Copies of all lines containing the string "partial" are needed from the data below.

** Opening Study material block **

lemma log_density_integral:
  assumes "0 < b"
  shows "set_integrable lborel {0<..<1} (\<lambda>t. (1 - ln t) powr (-(1 + b)) / t)"
    and "(LBINT t=0..1. (1 - ln t) powr (-(1 + b)) / t) = 1 / b"
proof -
  define f where "f = (\<lambda>t. (1 - ln t) powr (-(1 + b)) / t)"
  define F where "F = (\<lambda>t. (1 - ln t) powr (-b) / b)"
  have deriv: "DERIV F t :> f t" if "0 < ereal t" "ereal t < 1" for t
    using K2_square_antiderivative[OF assms] that by (simp add: F_def f_def)
  have cont: "isCont f t" if "0 < ereal t" "ereal t < 1" for t
  proof -
    have "0 < t" "t < 1"
      using that by auto
    moreover have "0 < 1 - ln t"
      using ln_less_zero[OF calculation] by linarith
    ultimately show ?thesis
      unfolding f_def by (auto intro!: continuous_intros)
  qed
  have nonneg: "AE t in lborel. 0 < ereal t \<longrightarrow> ereal t < 1 \<longrightarrow> 0 \<le> f t"
    by (simp add: f_def)
  have "filterlim (\<lambda>t::real. 1 - ln t) at_top (at_right 0)"
    by real_asymp
  then have "((\<lambda>t. (1 - ln t) powr (-b)) \<longlongrightarrow> 0) (at_right 0)"
    using assms by (intro tendsto_neg_powr) auto
  then have "(F \<longlongrightarrow> 0) (at_right 0)"
    unfolding F_def using tendsto_divide_zero by blast
  then have F0: "((F \<circ> real_of_ereal) \<longlongrightarrow> 0) (at_right (0::ereal))"
    by (simp add: zero_ereal_def ereal_tendsto_simps)
  have "(F \<longlongrightarrow> 1 / b) (at_left 1)"
    unfolding F_def using assms by (auto intro!: tendsto_eq_intros)
  then have F1: "((F \<circ> real_of_ereal) \<longlongrightarrow> 1 / b) (at_left (1::ereal))"
    by (simp add: one_ereal_def ereal_tendsto_simps)
  have "einterval 0 1 = {0<..<(1::real)}"
    by (auto simp: einterval_def)
  with interval_integral_FTC_nonneg[of 0 1 F f, OF _ deriv cont nonneg F0 F1]
  show "set_integrable lborel {0<..<1} (\<lambda>t. (1 - ln t) powr (-(1 + b)) / t)"
    and "(LBINT t=0..1. (1 - ln t) powr (-(1 + b)) / t) = 1 / b"
    by (simp_all add: f_def)
qed

lemma nn_integral_K2_square:
  assumes "0 < b"
  shows "(\<integral>\<^sup>+t. ennreal ((K2 b t)\<^sup>2) \<partial>lborel) = ennreal (1 / b)"
proof -
  have "(\<integral>\<^sup>+t. ennreal ((K2 b t)\<^sup>2) \<partial>lborel)
      = (\<integral>\<^sup>+t. ennreal (indicator {0<..<1} t * ((1 - ln t) powr (-(1 + b)) / t)) \<partial>lborel)"
  proof (intro nn_integral_cong)
    fix t :: real
    show "ennreal ((K2 b t)\<^sup>2) = ennreal (indicator {0<..<1} t * ((1 - ln t) powr (-(1 + b)) / t))"
      using K2_nonzero_imp[of b t] by (cases "0 < t \<and> t < 1") (auto simp: K2_square)
  qed
  also have "\<dots> = ennreal (1 / b)"
    using log_density_integral[OF assms]
    by (subst nn_integral_eq_integral)
      (auto simp: set_integrable_def interval_lebesgue_integral_def set_lebesgue_integral_def
        einterval_def indicator_def)
  finally show ?thesis .
qed

lemma nn_integral_K2_square_affine:
  assumes "0 < b" "\<bar>s\<bar> = 1"
  shows "(\<integral>\<^sup>+y. ennreal ((K2 b (a + s * y))\<^sup>2) \<partial>lborel) = ennreal (1 / b)"
  using nn_integral_real_affine[of "\<lambda>t. ennreal ((K2 b t)\<^sup>2)" s a] assms
  by (simp add: nn_integral_K2_square)

lemma nn_integral_square_le_of_K2_pair:
  assumes "0 < b" "\<bar>s\<bar> = 1" "\<bar>s'\<bar> = 1"
    and "\<And>y. \<bar>g y\<bar> \<le> \<bar>K2 b (a + s * y)\<bar> + \<bar>K2 b (a' + s' * y)\<bar>"
  shows "(\<integral>\<^sup>+y. ennreal ((g y)\<^sup>2) \<partial>lborel) \<le> ennreal ((2 / sqrt b)\<^sup>2)"
proof -
  have "(\<integral>\<^sup>+y. ennreal ((g y)\<^sup>2) \<partial>lborel) \<le> 2 * ennreal (1 / b) + 2 * ennreal (1 / b)"
    using nn_integral_square_le_of_abs_le_add[of "\<lambda>y. K2 b (a + s * y)" "\<lambda>y. K2 b (a' + s' * y)" g]
    by (simp add: assms nn_integral_K2_square_affine)
  also have "\<dots> = ennreal ((2 / sqrt b)\<^sup>2)"
    using assms(1) ennreal_plus[of "2 / b" "2 / b"] ennreal_mult[of 2 "1 / b"]
    by (simp add: power_divide)
  finally show ?thesis .
qed

lemma L2_bound_first_variable:
  assumes "0 < \<beta>"
  shows "(\<integral>\<^sup>+y. ennreal ((K1 y * K2 \<beta> (x - y - 1) - K1 y * K2 \<beta> (z - y - 1))\<^sup>2) \<partial>lborel)
    \<le> ennreal ((2 / sqrt \<beta>)\<^sup>2)"
proof -
  have reflect: "x - 1 + -1 * y = x - y - 1" "z - 1 + -1 * y = z - y - 1" for y
    by simp_all
  have pointwise: "\<bar>K1 y * K2 \<beta> (x - y - 1) - K1 y * K2 \<beta> (z - y - 1)\<bar>
      \<le> \<bar>K2 \<beta> (x - 1 + -1 * y)\<bar> + \<bar>K2 \<beta> (z - 1 + -1 * y)\<bar>" for y
    unfolding reflect
    using K1_cases[of y] abs_triangle_ineq4[of "K2 \<beta> (x - y - 1)" "K2 \<beta> (z - y - 1)"]
    by (elim disjE conjE) simp_all
  show ?thesis
    by (rule nn_integral_square_le_of_K2_pair[OF assms _ _ pointwise]) simp_all
qed

lemma L2_bound_second_variable:
  assumes "0 < \<beta>"
  shows "(\<integral>\<^sup>+y. ennreal ((K1 x * K2 \<beta> (y - x - 1) - K1 z * K2 \<beta> (y - z - 1))\<^sup>2) \<partial>lborel)
    \<le> ennreal ((2 / sqrt \<beta>)\<^sup>2)"
proof -
  have shift: "- x - 1 + 1 * y = y - x - 1" "- z - 1 + 1 * y = y - z - 1" for y
    by simp_all
  have pointwise: "\<bar>K1 x * K2 \<beta> (y - x - 1) - K1 z * K2 \<beta> (y - z - 1)\<bar>
      \<le> \<bar>K2 \<beta> (- x - 1 + 1 * y)\<bar> + \<bar>K2 \<beta> (- z - 1 + 1 * y)\<bar>" for y
    unfolding shift
    using K1_cases[of x] K1_cases[of z] abs_triangle_ineq4[of "K2 \<beta> (y - x - 1)" "K2 \<beta> (y - z - 1)"]
    by (elim disjE conjE) simp_all
  show ?thesis
    by (rule nn_integral_square_le_of_K2_pair[OF assms _ _ pointwise]) simp_all
qed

** Closing Study material block **

## Solution to the exercise
  shows "(\<integral>\<^sup>+t. ennreal ((K2 b t)\<^sup>2) \<partial>lborel) = ennreal (1 / b)"
  have "(\<integral>\<^sup>+t. ennreal ((K2 b t)\<^sup>2) \<partial>lborel)
      = (\<integral>\<^sup>+t. ennreal (indicator {0<..<1} t * ((1 - ln t) powr (-(1 + b)) / t)) \<partial>lborel)"
  shows "(\<integral>\<^sup>+y. ennreal ((K2 b (a + s * y))\<^sup>2) \<partial>lborel) = ennreal (1 / b)"
  shows "(\<integral>\<^sup>+y. ennreal ((g y)\<^sup>2) \<partial>lborel) \<le> ennreal ((2 / sqrt b)\<^sup>2)"
  have "(\<integral>\<^sup>+y. ennreal ((g y)\<^sup>2) \<partial>lborel) \<le> 2 * ennreal (1 / b) + 2 * ennreal (1 / b)"
  shows "(\<integral>\<^sup>+y. ennreal ((K1 y * K2 \<beta> (x - y - 1) - K1 y * K2 \<beta> (z - y - 1))\<^sup>2) \<partial>lborel)
  shows "(\<integral>\<^sup>+y. ennreal ((K1 x * K2 \<beta> (y - x - 1) - K1 z * K2 \<beta> (y - z - 1))\<^sup>2) \<partial>lborel)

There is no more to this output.